Somasekhar Sundaresan 

"Sebi eases de-listing norms," was the theme of nearly every single media report after the board meeting of the securities market regulator held on November 19. Even before the board meeting, scores of reports had dotted the media about how at that meeting, Sebi would be making life simpler for transparent de-listing of shares from Indian stock exchanges.

The fine print is yet to be out. However, even while waiting for the fine print, the very first paragraph in Sebi's press release on the subject makes it clear that de-listing transactions have been made far more difficult - they have not been made easier. The paragraph says: "The de-listing shall be considered successful only when (A) the shareholding of the acquirer together with the shares tendered by public shareholders reaches 90 per cent of the total share capital of the company and (B) if at least 25 per cent of the number of public shareholders, holding shares in dematerialised mode as on the date of the board meeting which approves the de-listing proposal, tender in the reverse book building process."

The widening gap between approval of regulations by Sebi at a board meeting and the actual draft regulations being notified is worrisome. This practice demonstrates that the directors on the Sebi board, despite presiding over the governance of a regulatory body, consider the actual language of the regulations as too trivial to bother themselves with. It is evident that they approve regulatory prescriptions in abstract concept, although anyone involved with regulations anywhere in the world would know that the devil in regulatory frameworks lies in the detail. That is worthy of comment in a separate column altogether.

Coming back to the Sebi press release, not only has de-listing been made tougher, the new intervention in the regulations is a material deviation from well-established principles of Indian corporate law. The prescription that 25 per cent of the public shareholders in number have to tender their shares is seriously problematic in implementation. Worse, it is blatantly in contradiction with the colour sought to be given to the "reform" of the regulations i.e. of making things easier. Two other new conditions have been imposed. First, the number of shareholders should have tendered their shares in dematerialised form. Second, the number of shareholders should be reckoned on the date on which the board approves the de-listing.

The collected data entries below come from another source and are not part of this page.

lemma bij_betw_pivot_eq: "bij_betw pivot_eq {v. avar_valid S v} {e. geq_valid S e}"
proof (rule bij_betw_imageI)
  show "inj_on pivot_eq {v. avar_valid S v}"
  proof (rule inj_onI)
    fix v w :: "'c avar" assume "pivot_eq v = pivot_eq w"
    then show "v = w" by (cases v; cases w) auto
  qed
  show "pivot_eq ` {v. avar_valid S v} = {e. geq_valid S e}"
  proof (intro equalityI subsetI)
    fix e assume "e \<in> pivot_eq ` {v. avar_valid S v}"
    then show "e \<in> {e. geq_valid S e}" by (auto elim!: avar_valid.elims)
  next
    fix e :: "'c geq" assume e: "e \<in> {e. geq_valid S e}"
    show "e \<in> pivot_eq ` {v. avar_valid S v}"
    proof (cases e)
      case (Ghold j)
      with e show ?thesis by (intro image_eqI[of _ _ "AL (j - 1)"]) auto
    qed (use e in \<open>auto intro: image_eqI[where x = "AV _"] image_eqI[where x = "AS _"]
           image_eqI[where x = "AY _ _"] image_eqI[where x = "AT _"] image_eqI[where x = "AXC _"]\<close>)
  qed
qed

lemma xfull_upd: "v \<noteq> AXC j \<Longrightarrow> xfull cC xh (a(v := r)) j = xfull cC xh a j"
  by (auto simp: xfull_def)

lemma gfun_pivot_eq_upd:
  assumes "v' \<noteq> v" "elim_rank v \<le> elim_rank v'"
  shows "gfun S cC fvle fhl fhold eps P n H xh (a(v' := r)) (pivot_eq v)
       = gfun S cC fvle fhl fhold eps P n H xh a (pivot_eq v)"
  using assms unfolding gfun_def Let_def
  by (cases v; cases v') (auto simp: xfull_upd)

lemma pivot_triangular_gjac:
  "pivot_triangular {v. avar_valid S v} pivot_eq elim_rank (gjac S cC fvle fhl fhold eps P n H xh a)"
  unfolding pivot_triangular_def gjac_def by (simp add: gfun_pivot_eq_upd)

lemma gjac_eqI:
  assumes "\<And>r. gfun S cC fvle fhl fhold eps P n H xh (a(v := r)) e = f r"
    and "(f has_real_derivative D) (at (a v))"
  shows "gjac S cC fvle fhl fhold eps P n H xh a e v = D"
proof -
  have "(\<lambda>r. gfun S cC fvle fhl fhold eps P n H xh (a(v := r)) e) = f"
    using assms(1) by (rule ext)
  then show ?thesis using assms(2) by (simp add: gjac_def DERIV_imp_deriv)
qed

lemma C1_map_has_real_derivative:
  "C1_map f \<Longrightarrow> (f has_real_derivative deriv f z) (at z)"
  unfolding C1_map_def DERIV_deriv_iff_real_differentiable differentiable_def by blast

lemma C1_map_partial_has_real_derivative:
  assumes "C1_map (\<lambda>(t, z). f t z)"
  shows "((\<lambda>t. f t z) has_real_derivative deriv (\<lambda>t. f t z) t) (at t)"
proof -
  have "(\<lambda>(t, z). f t z) differentiable (at (t, z))"
    using assms unfolding C1_map_def differentiable_def by blast
  then have "((\<lambda>(t, z). f t z) \<circ> (\<lambda>t. (t, z))) differentiable (at t)"
    by (intro differentiable_chain_at) simp_all
  then show ?thesis by (simp add: o_def DERIV_deriv_iff_real_differentiable)
qed

lemma gjac_xsum_diag: "gjac S cC fvle fhl fhold eps P n H xh a (Gxsum j) (AXC j) = 1"
  by (rule gjac_eqI[where f = "\<lambda>r. r - 1 + (\<Sum>i\<in>UNIV - {cC}. xh j $ i)"])
    (auto simp: gfun_def xfull_def intro!: sum.cong derivative_eq_intros)

lemma gjac_hold_diag:
  "C1_map fhold \<Longrightarrow>
    gjac S cC fvle fhl fhold eps P n H xh a (Ghold (Suc j)) (AL j) = - deriv fhold (a (AL j))"
  by (rule gjac_eqI[where f = "\<lambda>r. n (Suc j) - fhold r"])
    (use C1_map_has_real_derivative in \<open>auto simp: gfun_def intro!: derivative_eq_intros\<close>)

lemma gjac_edef_diag:
  "C1_map (\<lambda>(t, z). fhl t z) \<Longrightarrow> gjac S cC fvle fhl fhold eps P n H xh a (Gedef j) (AT j)
     = - n j * deriv (\<lambda>t. fhl t (xfull cC xh a j)) (a (AT j))"
  by (rule gjac_eqI[where f = "\<lambda>r. H j - n j * fhl r (xfull cC xh a j)"])
    (use C1_map_partial_has_real_derivative[of fhl] in
      \<open>auto simp: gfun_def xfull_upd intro!: derivative_eq_intros\<close>)

lemma gjac_ydef_diag: "gjac S cC fvle fhl fhold eps P n H xh a (Gydef j i) (AY j i) = 1"
  by (rule gjac_eqI[where f = "\<lambda>r. r - fvle i P (a (AT j)) (xfull cC xh a j)"])
    (auto simp: gfun_def xfull_upd intro!: derivative_eq_intros)

lemma gjac_slack_diag: "gjac S cC fvle fhl fhold eps P n H xh a (Gslack j) (AS j) = -1"
  by (rule gjac_eqI[where f = "\<lambda>r. (\<Sum>i\<in>UNIV. a (AY j i)) - 1 - r"])
    (auto simp: gfun_def intro!: derivative_eq_intros)

lemma gjac_aux_diag:
  assumes "2 \<le> S" "1 \<le> j" "j \<le> S" "n j \<noteq> 0"
    and xsum: "gfun S cC fvle fhl fhold eps P n H xh a (Gxsum j) = 0"
    and slack: "gfun S cC fvle fhl fhold eps P n H xh a (Gslack j) = 0"
  shows "gjac S cC fvle fhl fhold eps P n H xh a (Gaux j) (AV j)
           = (if j = S then - eps * a (AS j) / n j else - a (AS j) / n j)"
proof -
  define x where "x = xfull cC xh a"
  have "(\<Sum>i\<in>UNIV. x j $ i) = 1"
    using xsum by (simp add: gfun_def Let_def x_def sum.remove[of UNIV cC])
  moreover have "(\<Sum>i\<in>UNIV. a (AY j i)) = 1 + a (AS j)"
    using slack by (simp add: gfun_def)
  ultimately have slack_sum: "(\<Sum>i\<in>UNIV. - (a (AY j i) - x j $ i) / n j) = - a (AS j) / n j"
    by (simp add: sum_negf sum_subtractf sum_divide_distrib[symmetric])
  consider "j = 1" | "j = S" | "j \<noteq> 1" "j \<noteq> S" by blast
  then show ?thesis
  proof cases
    case 1
    show ?thesis
      by (rule gjac_eqI[where f = "\<lambda>r. \<Sum>i\<in>UNIV.
            (a (AL 1) * (x 2 $ i - x 1 $ i) - r * (a (AY 1 i) - x 1 $ i)) / n 1"])
        (use 1 assms(1,4) slack_sum in
          \<open>auto simp: gfun_def x_def xfull_upd intro!: DERIV_sum derivative_eq_intros\<close>)
  next
    case 2
    have "(\<Sum>i\<in>UNIV. eps * (x S $ i - a (AY S i)) / n S)
        = eps * (\<Sum>i\<in>UNIV. - (a (AY S i) - x S $ i) / n S)"
      by (simp add: sum_distrib_left)
    then have slack_sum_S: "(\<Sum>i\<in>UNIV. eps * (x S $ i - a (AY S i)) / n S) = - eps * a (AS S) / n S"
      using slack_sum 2 by simp
    show ?thesis
      by (rule gjac_eqI[where f = "\<lambda>r. \<Sum>i\<in>UNIV.
            (eps * r * (x S $ i - a (AY S i)) + a (AV (S - 1)) * (a (AY (S - 1) i) - x S $ i)) / n S"])
        (use 2 assms(1,4) slack_sum_S in
          \<open>auto simp: gfun_def x_def xfull_upd intro!: DERIV_sum derivative_eq_intros\<close>)
  next
    case 3
    show ?thesis
      by (rule gjac_eqI[where f = "\<lambda>r. \<Sum>i\<in>UNIV.
            (a (AL j) * (x (j + 1) $ i - x j $ i) - r * (a (AY j i) - x j $ i)
             + a (AV (j - 1)) * (a (AY (j - 1) i) - x j $ i)) / n j"])
        (use 3 assms(2,4) slack_sum in
          \<open>auto simp: gfun_def x_def xfull_upd intro!: DERIV_sum derivative_eq_intros\<close>)
  qed
qed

It is well possible that a company can never delist simply because shareholders who held shares on the date the board approved may have sold their shares. Therefore, if there is a churn in the holdings of public shareholders, it is possible that more than 75 per cent of the shareholders who held shares on that date are no longer shareholders. In other words, the condition of at least 25 per cent shareholders in number as of a certain date should tender shares, could never be met.

The most serious problem with the new approach is that Indian securities law would deviate for the first time from the well-established norm of corporate democracy - of reckoning voting rights in terms of percentage of shareholding rather than in terms of number of shareholders. For example, when company law lays down the standard for a resolution to be passed, it prescribes counting the vote in terms of voting rights attached to the shares. It does not provide for attaching equal voting rights to all shareholders regardless of how many shares each one owns. Sebi's new approach or introducing the number of shareholders as a metric, would initiate new jurisprudence that is wholly unnecessary.

Such an approach could in fact incentivise fraud and impose enormous transaction costs on market players and serious administrative costs on Sebi to monitor compliance. When Sebi's stated objective is to combat fraudulent collusion between large public shareholders and the promoters when a company is being de-listed, it simply has to step up the game for enforcement. By changing the law, it is imposing an unwarranted burden on the market and on itself. Take the law on oppression and mismanagement under company law.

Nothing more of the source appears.